Toronto Metro real estate market was very puzzling in recent months. Sales were declining and prices weren’t really moving anywhere so it seemed that the market was cooling off, at the same time market balance remained very tight, and active inventory was at a 15+-year record low (for those months).
I provided some possible explanations for that discrepancy in my June newsletter (link) and was leaning towards trusting market balance indicators.
“Last month my short-term outlook for Toronto Metro was quite bullish and it became even more bullish in July in spite of slowing down sales and declining average price.” (link)
September data shuttered all the remaining slowdown suspicions. All price metrics rebounded strongly and even though there was an increase in the share of luxury sales affecting average and median prices, benchmark price is designed to account for that and it also increased significantly in September.

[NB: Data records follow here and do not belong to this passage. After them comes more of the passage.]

(* Let $(\Delta,\mathcal H)$ be a generic cut with associated simplicial complexes $K_\Delta,K_+,K_-$ on $\widetilde{[m]}=[m]\cup\{o\}$. For $\sigma\subset\widetilde{[m]}$ let $F_\sigma=\bigcap_{i\in\sigma}H_i$, and let $Z=\{\sigma\subset\widetilde{[m]}: F_\sigma\neq\varnothing\text{ and }F_\sigma\subset\Delta_+\setminus H_o\}$. Then $$K_+\cap K_\Delta=\overline Z,\qquad (K_+\cup K_\Delta)\setminus K_-=Z.$$
   Context: Let $\Delta\subset\mathbb R^n$ be an $n$-dimensional simple polytope $\Delta=\{x:\langle x,\lambda_i\rangle+\eta_i\ge0,\ i=1,\dots,m\}$ whose facets $H_i=\Delta\cap\{\langle x,\lambda_i\rangle+\eta_i=0\}$ are all nonempty. A generic cut is a hyperplane $\mathcal H=\{\langle x,\lambda_0\rangle+\xi=0\}$ in general position with the hyperplanes $\{\langle x,\lambda_i\rangle+\eta_i=0\}$ and with $H_o:=\mathcal H\cap\Delta\neq\varnothing$ (so $H_o$ is the facet indexed by $o$). Set $\Delta_\pm=\Delta\cap\{\pm(\langle x,\lambda_0\rangle+\xi)\ge0\}$, $K_\Delta=\{\sigma\subset[m]:\bigcap_{i\in\sigma}H_i\ne\varnothing\}\cup\{\varnothing\}$, $K_\pm=\{\sigma\subset\widetilde{[m]}:\bigcap_{i\in\sigma}(H_i\cap\Delta_\pm)\ne\varnothing\}\cup\{\varnothing\}$. $\overline Z$ denotes the smallest simplicial complex containing $Z$ (all subsets of members of $Z$). *)

theory Defs
  imports "HOL-Analysis.Analysis"
begin

text \<open>The facet index set is [m] = {1..m}; the extra index o of the cut
  facet is encoded as 0, so the extended index set is {0..m}.\<close>

definition nrm :: "(nat \<Rightarrow> 'a::euclidean_space) \<Rightarrow> 'a \<Rightarrow> nat \<Rightarrow> 'a" where
  "nrm lam lam0 i = (if i = 0 then lam0 else lam i)"

definition ofs :: "(nat \<Rightarrow> real) \<Rightarrow> real \<Rightarrow> nat \<Rightarrow> real" where
  "ofs eta xi i = (if i = 0 then xi else eta i)"

definition hyp :: "(nat \<Rightarrow> 'a::euclidean_space) \<Rightarrow> (nat \<Rightarrow> real) \<Rightarrow> 'a \<Rightarrow> real \<Rightarrow> nat \<Rightarrow> 'a set" where
  "hyp lam eta lam0 xi i = {x. inner x (nrm lam lam0 i) + ofs eta xi i = 0}"
lemma q_eq_0_if_not_mem_ratio_class:
  assumes "0 < q z0 t" and "z \<notin> ratio_class z0"
  shows "q z t = 0"
proof -
  have "\<not> 0 < q z t"
    using assms mem_ratio_class_if_common_output by blast
  then show ?thesis using q_nonneg[of z t] by simp
qed

lemma mem_ratio_class_if_output_in_Tq:
  assumes "t \<in> Tq q (ratio_class z)" and "0 < q z' t"
  shows "z' \<in> ratio_class z"
proof -
  from assms(1) obtain z'' where "z'' \<in> ratio_class z" "0 < q z'' t"
    by (auto simp: Tq_def)
  with assms(2) show ?thesis
    using mem_ratio_class_if_common_output ratio_class_eq by blast
qed

lemma q_eq_0_if_not_in_Tq: "z' \<in> ratio_class z \<Longrightarrow> t \<notin> Tq q (ratio_class z) \<Longrightarrow> q z' t = 0"
  using q_nonneg[of z' t] by (auto simp: Tq_def less_le)

lemma qT_nonneg: "0 \<le> qT p q t"
  unfolding qT_def by (intro sum_nonneg mult_nonneg_nonneg p_nonneg q_nonneg)

lemma mult_le_qT: "p z * q z t \<le> qT p q t"
  unfolding qT_def by (rule member_le_sum) (simp_all add: p_nonneg q_nonneg)

lemma qT_eq_sum_ratio_class:
  assumes "0 < q z0 t"
  shows "qT p q t = (\<Sum>z\<in>ratio_class z0. p z * q z t)"
  unfolding qT_def
  by (intro sum.mono_neutral_right) (auto simp: q_eq_0_if_not_mem_ratio_class[OF assms])

lemma qT_has_sum_class_mass: "(qT p q has_sum class_mass z) (Tq q (ratio_class z))"
proof -
  have "((\<lambda>t. \<Sum>z'\<in>ratio_class z. p z' * q z' t) has_sum (\<Sum>z'\<in>ratio_class z. p z' * 1)) UNIV"
    by (intro has_sum_sum has_sum_cmult_right q_has_sum) simp
  moreover have "((\<lambda>t. \<Sum>z'\<in>ratio_class z. p z' * q z' t) has_sum class_mass z) UNIV
      \<longleftrightarrow> (qT p q has_sum class_mass z) (Tq q (ratio_class z))"
  proof (rule has_sum_cong_neutral)
    show "(\<Sum>z'\<in>ratio_class z. p z' * q z' t) = 0" if "t \<in> UNIV - Tq q (ratio_class z)" for t
      using that q_eq_0_if_not_in_Tq by simp
    show "(\<Sum>z'\<in>ratio_class z. p z' * q z' t) = qT p q t" if "t \<in> UNIV \<inter> Tq q (ratio_class z)" for t
    proof -
      from that obtain z'' where "z'' \<in> ratio_class z" "0 < q z'' t"
        by (auto simp: Tq_def)
      then show ?thesis
        using qT_eq_sum_ratio_class ratio_class_eq by metis
    qed
  qed simp
  ultimately show ?thesis by (simp add: class_mass_def)
qed

lemma qSet_ratio_class: "qSet p q (Tq q (ratio_class z)) = class_mass z"
  unfolding qSet_def using qT_has_sum_class_mass by (rule infsumI)

lemma class_mass_pos: "0 < p z \<Longrightarrow> 0 < class_mass z"
  unfolding class_mass_def
  by (rule sum_pos2[of _ z]) (auto simp: ratio_rel_def intro: p_nonneg)

lemma qT_pos: "0 < p z \<Longrightarrow> t \<in> Tq q (ratio_class z) \<Longrightarrow> 0 < qT p q t"
proof -
  assume "0 < p z" "t \<in> Tq q (ratio_class z)"
  then obtain z' where "z' \<in> ratio_class z" "0 < q z' t"
    by (auto simp: Tq_def)
  with \<open>0 < p z\<close> have "0 < p z' * q z' t"
    using pos_iff_mem_ratio_class by simp
  then show "0 < qT p q t"
    using mult_le_qT[of z' t] by linarith
qed

lemma collapsed_pos:
  "0 < p z \<Longrightarrow> collapsed z t = (if t \<in> Tq q (ratio_class z) then qT p q t / class_mass z else 0)"
  by (simp add: collapsed_def qCond_def qSet_ratio_class)

lemma channel_collapsed: "channel collapsed"
  unfolding channel_def
proof (intro conjI allI)
  fix z t
  show "0 \<le> collapsed z t"
  proof (cases "0 < p z")
    case True
    then show ?thesis
      using class_mass_pos[OF True] qT_nonneg by (simp add: collapsed_pos)
  next
    case False
    then show ?thesis by (simp add: collapsed_def q_nonneg)
  qed
next
  fix z
  show "((\<lambda>t. collapsed z t) has_sum 1) UNIV"
  proof (cases "0 < p z")
    case True
    have "((\<lambda>t. qT p q t / class_mass z) has_sum (class_mass z / class_mass z)) (Tq q (ratio_class z))"
      by (intro has_sum_divide_const qT_has_sum_class_mass)
    then have "((\<lambda>t. qT p q t / class_mass z) has_sum 1) (Tq q (ratio_class z))"
      using class_mass_pos[OF True] by simp
    then show ?thesis
      by (subst has_sum_cong_neutral[where T="Tq q (ratio_class z)"]) (auto simp: collapsed_pos[OF True])
  next
    case False
    then show ?thesis using q_has_sum by (simp add: collapsed_def)
  qed
qed

lemma collapsed_has_sum: "((\<lambda>t. collapsed z t) has_sum 1) UNIV"
  using channel_collapsed unfolding channel_def by blast

lemma collapsed_at_unreached_output:
  assumes "\<And>z'. 0 < p z' \<Longrightarrow> q z' t = 0"
  shows "collapsed z t = q z t"
proof (cases "0 < p z")
  case True
  have "t \<notin> Tq q (ratio_class z)"
  proof
    assume "t \<in> Tq q (ratio_class z)"
    then obtain z' where z': "z' \<in> ratio_class z" "0 < q z' t"
      by (auto simp: Tq_def)
    from True have "0 < p z'"
      using pos_iff_mem_ratio_class[OF z'(1)] by simp
    with assms z'(2) show False by simp
  qed
  with True assms show ?thesis by (simp add: collapsed_pos)
qed (simp add: collapsed_def)

lemma collapsed_at_reached_output:
  assumes "0 < p z0" and "0 < q z0 t"
  shows "collapsed z t = (if z \<in> ratio_class z0 then qT p q t / class_mass z0 else 0)"
proof (cases "0 < p z")
  case True
  have reached_iff: "t \<in> Tq q (ratio_class z) \<longleftrightarrow> z \<in> ratio_class z0"
  proof
    assume "t \<in> Tq q (ratio_class z)"
    then have "z0 \<in> ratio_class z"
      using assms(2) by (rule mem_ratio_class_if_output_in_Tq)
    then show "z \<in> ratio_class z0" by (rule mem_ratio_class_sym)
  next
    assume "z \<in> ratio_class z0"
    then have "z0 \<in> ratio_class z" by (rule mem_ratio_class_sym)
    with assms(2) show "t \<in> Tq q (ratio_class z)" by (auto simp: Tq_def)
  qed
  show ?thesis
  proof (cases "z \<in> ratio_class z0")
    case True
    then have "ratio_class z = ratio_class z0" by (rule ratio_class_eq)
    with True \<open>0 < p z\<close> reached_iff show ?thesis
      by (simp add: collapsed_pos class_mass_def)
  next
    case False
    with \<open>0 < p z\<close> reached_iff show ?thesis by (simp add: collapsed_pos)
  qed
next
  case False
  have "z \<notin> ratio_class z0"
  proof
    assume "z \<in> ratio_class z0"
    with assms(1) False show False
      using pos_iff_mem_ratio_class[of z z0] by simp
  qed
  then show ?thesis
    using False q_eq_0_if_not_mem_ratio_class[OF assms(2)] by (simp add: collapsed_def)
qed
(* Let $(X,\leq)$ be a poset and $K$ a field. (1) If $FI(X,K)$ is Lie solvable, then ${\rm dl}_{Lie}(FI(X,K))={\rm dl}^{Lie}(FI(X,K))=\lceil \log_2(l(X)+1)\rceil+1$. (2) If $\mathcal{U}(FI(X,K))$ is solvable and $K\neq\mathbb{F}_2$, then ${\rm dl}(\mathcal{U}(FI(X,K)))=\lceil \log_2(l(X)+1)\rceil+1$.
   Context: $FI(X,K)$ is the finitary incidence algebra: the $K$-vector space of formal sums $\alpha=\sum_{x\leq y}\alpha_{xy}e_{xy}$ ($x,y\in X$, $\alpha_{xy}\in K$) such that for every pair $x<y$ only finitely many $x\leq u<v\leq y$ have $\alpha_{uv}\neq0$, with convolution product $\alpha\beta=\sum_{x\leq y}\big(\sum_{x\leq z\leq y}\alpha_{xz}\beta_{zy}\big)e_{xy}$; $\mathcal{U}(FI(X,K))$ is its group of units. For a unital associative algebra $A$ with $[x,y]=xy-yx$ (and $UV$, $[U,V]$ denoting spans of products, commutators of elements of subspaces $U,V$): $A^{[0]}=A$, $A^{[n+1]}=[A^{[n]},A^{[n]}]$; $A^{(0)}=A$, $A^{(n+1)}=[A^{(n)},A^{(n)}]A$. $A$ is Lie solvable if some $A^{[n]}=\{0\}$, and then ${\rm dl}_{Lie}(A)$ is the minimal such $n$; ${\rm dl}^{Lie}(A)$ is the minimal $n$ with $A^{(n)}=\{0\}$. For a solvable group $G$, ${\rm dl}(G)$ is its derived length (minimal $n$ with $G^{(n)}$ trivial, $G^{(n)}$ the derived series). $l(X)$ is the supremum of $|C|-1$ over finite chains $C\subseteq X$. $\mathbb{F}_2$ is the field with two elements; $\lceil t\rceil$ is the ceiling. *)

theory Defs
  imports Complex_Main "HOL-Algebra.Solvable_Groups" "HOL-Library.Extended_Nat"
begin

text \<open>The poset X is the ambient type 'a of class order; elements of the incidence
  algebra are functions alpha :: 'a => 'a => 'k with alpha x y the coefficient of e_xy.\<close>

definition FI :: "('a::order \<Rightarrow> 'a \<Rightarrow> 'k::field) set" where
  "FI = {\<alpha>. (\<forall>x y. \<not> x \<le> y \<longrightarrow> \<alpha> x y = 0) \<and>
            (\<forall>x y. x < y \<longrightarrow>
               finite {(u, v). x \<le> u \<and> u < v \<and> v \<le> y \<and> \<alpha> u v \<noteq> 0})}"

text \<open>Convolution product; for finitary series the sum has only finitely many nonzero terms.\<close>
definition fi_mult :: "('a::order \<Rightarrow> 'a \<Rightarrow> 'k::field) \<Rightarrow> ('a \<Rightarrow> 'a \<Rightarrow> 'k) \<Rightarrow> ('a \<Rightarrow> 'a \<Rightarrow> 'k)" where
  "fi_mult \<alpha> \<beta> = (\<lambda>x y. if x \<le> y then
      (\<Sum>z \<in> {z. x \<le> z \<and> z \<le> y \<and> \<alpha> x z * \<beta> z y \<noteq> 0}. \<alpha> x z * \<beta> z y) else 0)"

definition fi_one :: "'a::order \<Rightarrow> 'a \<Rightarrow> 'k::field" where
  "fi_one = (\<lambda>x y. if x = y then 1 else 0)"

definition fi_zero :: "'a \<Rightarrow> 'a \<Rightarrow> 'k::field" where
  "fi_zero = (\<lambda>x y. 0)"

definition fi_comm :: "('a::order \<Rightarrow> 'a \<Rightarrow> 'k::field) \<Rightarrow> ('a \<Rightarrow> 'a \<Rightarrow> 'k) \<Rightarrow> ('a \<Rightarrow> 'a \<Rightarrow> 'k)" where
  "fi_comm \<alpha> \<beta> = (\<lambda>x y. fi_mult \<alpha> \<beta> x y - fi_mult \<beta> \<alpha> x y)"

inductive_set fspan :: "('a \<Rightarrow> 'a \<Rightarrow> 'k::field) set \<Rightarrow> ('a \<Rightarrow> 'a \<Rightarrow> 'k) set"
  for S where
    zero: "fi_zero \<in> fspan S"
  | base: "s \<in> S \<Longrightarrow> s \<in> fspan S"
  | add: "a \<in> fspan S \<Longrightarrow> b \<in> fspan S \<Longrightarrow> (\<lambda>x y. a x y + b x y) \<in> fspan S"
  | smult: "a \<in> fspan S \<Longrightarrow> (\<lambda>x y. c * a x y) \<in> fspan S"

definition lie_br :: "('a::order \<Rightarrow> 'a \<Rightarrow> 'k::field) set \<Rightarrow> ('a \<Rightarrow> 'a \<Rightarrow> 'k) set \<Rightarrow> ('a \<Rightarrow> 'a \<Rightarrow> 'k) set" where
  "lie_br U V = fspan {fi_comm u v | u v. u \<in> U \<and> v \<in> V}"

definition prod_sp :: "('a::order \<Rightarrow> 'a \<Rightarrow> 'k::field) set \<Rightarrow> ('a \<Rightarrow> 'a \<Rightarrow> 'k) set \<Rightarrow> ('a \<Rightarrow> 'a \<Rightarrow> 'k) set" where
  "prod_sp U V = fspan {fi_mult u v | u v. u \<in> U \<and> v \<in> V}"

fun lie_der :: "nat \<Rightarrow> ('a::order \<Rightarrow> 'a \<Rightarrow> 'k::field) set" where
  "lie_der 0 = FI"
| "lie_der (Suc n) = lie_br (lie_der n) (lie_der n)"

fun strong_lie_der :: "nat \<Rightarrow> ('a::order \<Rightarrow> 'a \<Rightarrow> 'k::field) set" where
  "strong_lie_der 0 = FI"
| "strong_lie_der (Suc n) = prod_sp (lie_br (strong_lie_der n) (strong_lie_der n)) FI"

definition FI_lie_solvable :: "('a::order \<Rightarrow> 'a \<Rightarrow> 'k::field) itself \<Rightarrow> bool" where
  "FI_lie_solvable _ \<longleftrightarrow> (\<exists>n. (lie_der n :: ('a \<Rightarrow> 'a \<Rightarrow> 'k) set) = {fi_zero})"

It was a genuinely strong market move.
Flat benchmark price1 in recent months was explained mainly by seasonality and methodology but it’s too big(and boring) of a rabbit hole to go down.
Now, when there is no doubt left that Toronto Metro market is strong, the time has come to voice a concern that it definitely has a 2016-like feel to it. 2016 was a very strong year for Toronto Metro real estate market with a rapid price acceleration leading into 2017 which followed by a correction. Here are a number of metrics to back up that statement.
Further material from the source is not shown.